What is the difference between psychological maturity and psychological immaturity?

Author: Tian Xin

Source: Franklin Book Club

ID:FranklinReadingClub

Ability to control their emotions

Having emotions is instinctive, and controlling emotions is the skill.

In life or work, you must often meet people who are enslaved by emotions, even ourselves:

A momentary mood is unhappy, tantrums at the family, and the mouth does not choose words;

Because of the conflict of views, tit-for-tat confrontation with colleagues, the contradiction escalates;

"Princess disease" is rampant, encountering a little unhappiness, often making hysterical reactions.

There is no doubt that these are manifestations of psychological immaturity.

Psychology believes that a psychologically mature person must be able to control their emotions, they can accept and acknowledge all the good and bad emotions in life, reasonably digest or transform, and take a positive response.

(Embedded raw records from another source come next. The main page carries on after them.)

(* Let $R$ be a finite commutative local Frobenius ring with residue field $\mathbb{F}_q$ and $|R|=q^\omega$, and let $\ell$ be a nonnegative integer. For $i=1,2$, let $C_i$ be a linear code of length $n$ over $R$ with generator matrix $\mathrm{G}_i$ and parity check matrix $\mathrm{H}_i$, and suppose $C_1+C_2=R^n$. Then $\{C_1,C_2\}$ is an $\ell$-DLIP if and only if $\texttt{Rank}_q(\mathrm{H}_2\mathrm{G}_1^\top)=\texttt{Rank}_q(\mathrm{G}_1)-\ell=n\omega-\texttt{Rank}_q(\mathrm{G}_2)$ or $\texttt{Rank}_q(\mathrm{H}_1\mathrm{G}_2^\top)=\texttt{Rank}_q(\mathrm{G}_2)-\ell=n\omega-\texttt{Rank}_q(\mathrm{G}_1)$.
   Context: A linear code of length $n$ over $R$ is an $R$-submodule of $R^n$; $\dim(C):=\log_q|C|$. A pair $\{C,D\}$ is an $\ell$-DLIP if $\dim(C\cap D)=\ell$. A generator matrix of $C$ is a matrix whose rows generate $C$; a parity check matrix is a generator matrix of $C^\perp$ with respect to the standard inner product $\sum_j u_jc_j$. For a matrix $\mathrm{A}$ over $R$, $\texttt{Rank}_q(\mathrm{A}):=\log_q|M|$ where $M$ is the $R$-submodule spanned by the rows of $\mathrm{A}$. *)

theory Defs
  imports Complex_Main
begin

definition is_ideal :: "'a::comm_ring_1 set \<Rightarrow> bool" where
  "is_ideal I \<longleftrightarrow> 0 \<in> I \<and> (\<forall>x\<in>I. \<forall>y\<in>I. x + y \<in> I) \<and> (\<forall>r. \<forall>x\<in>I. r * x \<in> I)"

definition maximal_ideal :: "'a::comm_ring_1 set \<Rightarrow> bool" where
  "maximal_ideal M \<longleftrightarrow> is_ideal M \<and> M \<noteq> UNIV \<and>
     (\<forall>J. is_ideal J \<and> M \<subseteq> J \<longrightarrow> J = M \<or> J = UNIV)"

definition minimal_ideal :: "'a::comm_ring_1 set \<Rightarrow> bool" where
  "minimal_ideal I \<longleftrightarrow> is_ideal I \<and> I \<noteq> {0} \<and>
     (\<forall>J. is_ideal J \<and> J \<subseteq> I \<longrightarrow> J = {0} \<or> J = I)"

definition local_ring :: "'a::comm_ring_1 itself \<Rightarrow> bool" where
  "local_ring TYPE('a) \<longleftrightarrow> (\<exists>!M::'a set. maximal_ideal M)"

definition the_max_ideal :: "'a::comm_ring_1 itself \<Rightarrow> 'a set" where
  "the_max_ideal TYPE('a) = (THE M::'a set. maximal_ideal M)"

text \<open>Socle of a local ring = annihilator of the maximal ideal (= sum of minimal ideals).
  A finite commutative local ring is Frobenius iff its socle is simple, i.e.
  the socle is a minimal ideal (equivalently, R/J(R) is isomorphic to soc(R)).\<close>
definition socle :: "'a::comm_ring_1 itself \<Rightarrow> 'a set" where
  "socle TYPE('a) = {x. \<forall>m\<in>the_max_ideal TYPE('a). x * m = 0}"

definition local_frobenius :: "'a::comm_ring_1 itself \<Rightarrow> bool" where
  "local_frobenius TYPE('a) \<longleftrightarrow> local_ring TYPE('a) \<and> minimal_ideal (socle TYPE('a))"

definition residue_card :: "'a::comm_ring_1 itself \<Rightarrow> nat" where
  "residue_card TYPE('a) =
     card ((UNIV::'a set) // {(x,y). x - y \<in> the_max_ideal TYPE('a)})"

definition linear_code :: "('n::finite \<Rightarrow> 'a::comm_ring_1) set \<Rightarrow> bool" where
  "linear_code C \<longleftrightarrow> (\<lambda>_. 0) \<in> C \<and> (\<forall>x\<in>C. \<forall>y\<in>C. (\<lambda>j. x j + y j) \<in> C) \<and> (\<forall>r. \<forall>x\<in>C. (\<lambda>j. r * x j) \<in> C)"

definition code_dim :: "nat \<Rightarrow> ('n::finite \<Rightarrow> 'a::comm_ring_1) set \<Rightarrow> real" where
  "code_dim q C = log (real q) (real (card C))"

definition DLIP :: "nat \<Rightarrow> nat \<Rightarrow> ('n::finite \<Rightarrow> 'a::comm_ring_1) set \<Rightarrow> ('n \<Rightarrow> 'a) set \<Rightarrow> bool" where
  "DLIP q l C D \<longleftrightarrow> code_dim q (C \<inter> D) = real l"

definition code_sum :: "('n \<Rightarrow> 'a::comm_ring_1) set \<Rightarrow> ('n \<Rightarrow> 'a) set \<Rightarrow> ('n \<Rightarrow> 'a) set" where
  "code_sum C D = {(\<lambda>j. x j + y j) |x y. x \<in> C \<and> y \<in> D}"

definition dual_code :: "('n::finite \<Rightarrow> 'a::comm_ring_1) set \<Rightarrow> ('n \<Rightarrow> 'a) set" where
  "dual_code C = {u. \<forall>c\<in>C. (\<Sum>j\<in>UNIV. u j * c j) = 0}"

definition row_span :: "('r::finite \<Rightarrow> 'c \<Rightarrow> 'a::comm_ring_1) \<Rightarrow> ('c \<Rightarrow> 'a) set" where
  "row_span A = {x. \<exists>coef::'r \<Rightarrow> 'a. x = (\<lambda>j. \<Sum>i\<in>UNIV. coef i * A i j)}"

definition generator_matrix :: "('r::finite \<Rightarrow> 'n::finite \<Rightarrow> 'a::comm_ring_1) \<Rightarrow> ('n \<Rightarrow> 'a) set \<Rightarrow> bool" where
  "generator_matrix G C \<longleftrightarrow> row_span G = C"

definition parity_check_matrix :: "('r::finite \<Rightarrow> 'n::finite \<Rightarrow> 'a::comm_ring_1) \<Rightarrow> ('n \<Rightarrow> 'a) set \<Rightarrow> bool" where
  "parity_check_matrix H C \<longleftrightarrow> row_span H = dual_code C"

definition rank_q :: "nat \<Rightarrow> ('r::finite \<Rightarrow> 'c \<Rightarrow> 'a::comm_ring_1) \<Rightarrow> real" where
  "rank_q q A = log (real q) (real (card (row_span A)))"

definition mult_transpose :: "('r1 \<Rightarrow> 'n::finite \<Rightarrow> 'a::comm_ring_1) \<Rightarrow> ('r2 \<Rightarrow> 'n \<Rightarrow> 'a) \<Rightarrow> 'r1 \<Rightarrow> 'r2 \<Rightarrow> 'a" where
  "mult_transpose A B = (\<lambda>i k. \<Sum>j\<in>UNIV. A i j * B k j)"

end

theory Submission
  imports Defs "HOL-Library.Function_Algebras" "HOL-Library.Product_Plus" "HOL-Library.Cardinality"
begin

(* The heart of the argument is the duality |C| |C\<^sup>\<bottom>| = |R\<^sup>n| for every linear code C over a
   finite local Frobenius ring R. If D = C + Rx covers C in the lattice of codes, the colon ideal
   {r. rx \<in> C} is the maximal ideal m, so |D| = |soc R| |C| because |R| = |soc R| |m|; and
   u \<mapsto> u \<cdot> x maps C\<^sup>\<bottom> into soc R with kernel D\<^sup>\<bottom>. Hence |C| |C\<^sup>\<bottom>| can only grow along a
   maximal chain of codes from {0} to R\<^sup>n, at both ends of which it equals |R\<^sup>n|.

   When C\<^sub>1 + C\<^sub>2 = R\<^sup>n we have |C\<^sub>1| |C\<^sub>2| = |C\<^sub>1 \<inter> C\<^sub>2| |R\<^sup>n|, and u \<mapsto> u G\<^sub>1\<^sup>T is injective on
   C\<^sub>2\<^sup>\<bottom> (its kernel is (C\<^sub>1 + C\<^sub>2)\<^sup>\<bottom>) with image the row span of H\<^sub>2 G\<^sub>1\<^sup>T. Taking logarithms to
   base q turns these identities into linear relations between the ranks, under which both
   disjuncts say exactly that dim (C\<^sub>1 \<inter> C\<^sub>2) = \<ell>. *)

lemma card_eq_card_kernel_mult_card_image:
  fixes f :: "'b::ab_group_add \<Rightarrow> 'c::ab_group_add"
  assumes "finite A" "0 \<in> A"
    and add_closed: "\<And>x y. x \<in> A \<Longrightarrow> y \<in> A \<Longrightarrow> x + y \<in> A"
    and neg_closed: "\<And>x. x \<in> A \<Longrightarrow> - x \<in> A"
    and additive: "\<And>x y. x \<in> A \<Longrightarrow> y \<in> A \<Longrightarrow> f (x + y) = f x + f y"
  shows "card A = card {x\<in>A. f x = 0} * card (f ` A)"
proof -
  let ?K = "{x\<in>A. f x = 0}"
  have diff: "x - a \<in> A" "f (x - a) = f x - f a" if "x \<in> A" "a \<in> A" for x a
  proof -
    show "x - a \<in> A" using add_closed[OF that(1) neg_closed[OF that(2)]] by simp
    then have "f (x - a) + f a = f x" using additive[of "x - a" a] that by simp
    then show "f (x - a) = f x - f a" by (simp add: eq_diff_eq)
  qed
  have fiber: "{x\<in>A. f x = f a} = (+) a ` ?K" if "a \<in> A" for a
  proof (intro set_eqI iffI)
    fix x assume "x \<in> {x\<in>A. f x = f a}"
    then have "x - a \<in> ?K" and "x = a + (x - a)" using diff[OF _ that] by auto
    then show "x \<in> (+) a ` ?K" by blast
  qed (use that add_closed additive in auto)
  have "card A = (\<Sum>b\<in>f ` A. card {x\<in>A. f x = b})"
    using \<open>finite A\<close> by (subst card_UN_disjoint[symmetric]) (auto intro: arg_cong[where f = card])
  also have "\<dots> = (\<Sum>b\<in>f ` A. card ?K)"
    using fiber by (intro sum.cong) (auto simp: card_image)
  finally show ?thesis by simp
qed

lemma is_ideal_UNIV: "is_ideal (UNIV::'a::comm_ring_1 set)"
  by (simp add: is_ideal_def)

lemma is_ideal_eq_UNIV_iff:
  assumes "is_ideal I"
  shows "I = UNIV \<longleftrightarrow> 1 \<in> I"
proof
  assume "1 \<in> I"
  then have "r * 1 \<in> I" for r using assms unfolding is_ideal_def by blast
  then show "I = UNIV" by auto
qed auto

lemma is_ideal_principal: "is_ideal (range (\<lambda>r. r * s))"
  unfolding is_ideal_def
proof (intro conjI ballI allI)
  show "0 \<in> range (\<lambda>r. r * s)" by (rule range_eqI[of _ _ 0]) simp
next
  fix x y assume "x \<in> range (\<lambda>r. r * s)" "y \<in> range (\<lambda>r. r * s)"
  then obtain a b where "x = a * s" "y = b * s" by blast
  then show "x + y \<in> range (\<lambda>r. r * s)" by (auto intro: range_eqI[of _ _ "a + b"] simp: distrib_right)
next
  fix t x assume "x \<in> range (\<lambda>r. r * s)"
  then obtain a where "x = a * s" by blast
  then show "t * x \<in> range (\<lambda>r. r * s)" by (auto intro: range_eqI[of _ _ "t * a"] simp: mult.assoc)
qed

lemma is_ideal_annihilator: "is_ideal {r. r * s = 0}"
  by (auto simp: is_ideal_def distrib_right mult.assoc)

lemma local_ring_maximal_ideal:
  "local_ring TYPE('a::comm_ring_1) \<Longrightarrow> maximal_ideal (the_max_ideal TYPE('a))"
  unfolding local_ring_def the_max_ideal_def by (rule theI')

lemma local_ring_maximal_ideal_unique:
  "local_ring TYPE('a::comm_ring_1) \<Longrightarrow> maximal_ideal (M::'a set) \<Longrightarrow> M = the_max_ideal TYPE('a)"
  using local_ring_maximal_ideal unfolding local_ring_def by blast

lemma local_ring_is_ideal_max_ideal:
  "local_ring TYPE('a::comm_ring_1) \<Longrightarrow> is_ideal (the_max_ideal TYPE('a))"
  using local_ring_maximal_ideal unfolding maximal_ideal_def by blast

lemma local_ring_one_notin_max_ideal:
  "local_ring TYPE('a::comm_ring_1) \<Longrightarrow> (1::'a) \<notin> the_max_ideal TYPE('a)"
  using local_ring_maximal_ideal local_ring_is_ideal_max_ideal is_ideal_eq_UNIV_iff
  unfolding maximal_ideal_def by blast
lemma continuous_cst_fun_rep_lower_bound:
  fixes u v :: "real \<times> 'a::euclidean_space \<Rightarrow> real"
  assumes E: "cst_family E" and t: "0 < t" and R: "0 < R"
    and lip: "lipschitz_on L UNIV u" and supp: "\<forall>x. u x \<noteq> 0 \<longrightarrow> norm x < R"
    and v: "continuous_on UNIV v" and ae: "AE x in lebesgue. v x = cst_fun E t u x"
  shows "u x - L * R * t \<le> v x"
proof -
  have "0 \<le> L" using lip by (simp add: lipschitz_on_def)
  hence "u x - L * R * t \<le> u x - L * R * (1 - exp (- t))"
    using exp_ge_add_one_self[of "- t"] R by (simp add: mult_left_mono)
  also have "\<dots> \<le> v x"
  proof (rule continuous_ge_on_open_if_AE_eq[OF open_UNIV v _ ae])
    show "continuous_on UNIV (\<lambda>y. u y - L * R * (1 - exp (- t)))"
      by (intro continuous_intros lipschitz_on_continuous_on[OF lip])
  qed (use cst_fun_lower_bound[OF E t R lip supp] in auto)
  finally show ?thesis .
qed

lemma positive_sublevels_subset:
  fixes u v :: "'b \<Rightarrow> real"
  assumes ext: "\<forall>x. x \<notin> \<Omega> \<longrightarrow> u x = 0" and v: "\<forall>x. u x - c \<le> v x" and c: "0 \<le> c"
  shows "{x. 0 < u x \<and> u x \<le> a} \<union> (\<Omega> \<inter> {x. 0 < v x \<and> v x \<le> a}) \<subseteq> {x\<in>\<Omega>. u x \<le> a + c}"
proof
  fix x assume "x \<in> {x. 0 < u x \<and> u x \<le> a} \<union> (\<Omega> \<inter> {x. 0 < v x \<and> v x \<le> a})"
  then consider "0 < u x" "u x \<le> a" | "x \<in> \<Omega>" "v x \<le> a" by auto
  thus "x \<in> {x\<in>\<Omega>. u x \<le> a + c}"
  proof cases
    case 1
    hence "x \<in> \<Omega>" using ext by (metis less_irrefl)
    thus ?thesis using 1 c by simp
  next
    case 2
    thus ?thesis using v[rule_format, of x] by simp
  qed
qed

Psychologically mature people know that it is not wise to throw tantrums at will, hurt others and hurt themselves.

Only by finding the fuse of bad emotions and working hard to solve them step by step is the best way to dissolve emotions.

Luo Ji Thinking co-founder DebuHua said:

Emotional management skills are not an emotional intelligence problem, but an IQ problem. Treating all emotional problems as a "task" and managing tasks is a high-level self-discipline behavior.

The more psychologically mature a person is, the more he knows how to control emotions is the most advanced self-discipline of a person.

Considered the most expensive course at West Point, "How Do You Train a Super Strong Heart" includes a passage that an adult can't control his emotions, and the consequences can be disastrous.

If you let emotions control your brain, you may lose the ability to think, judge, willpower, and solve problems.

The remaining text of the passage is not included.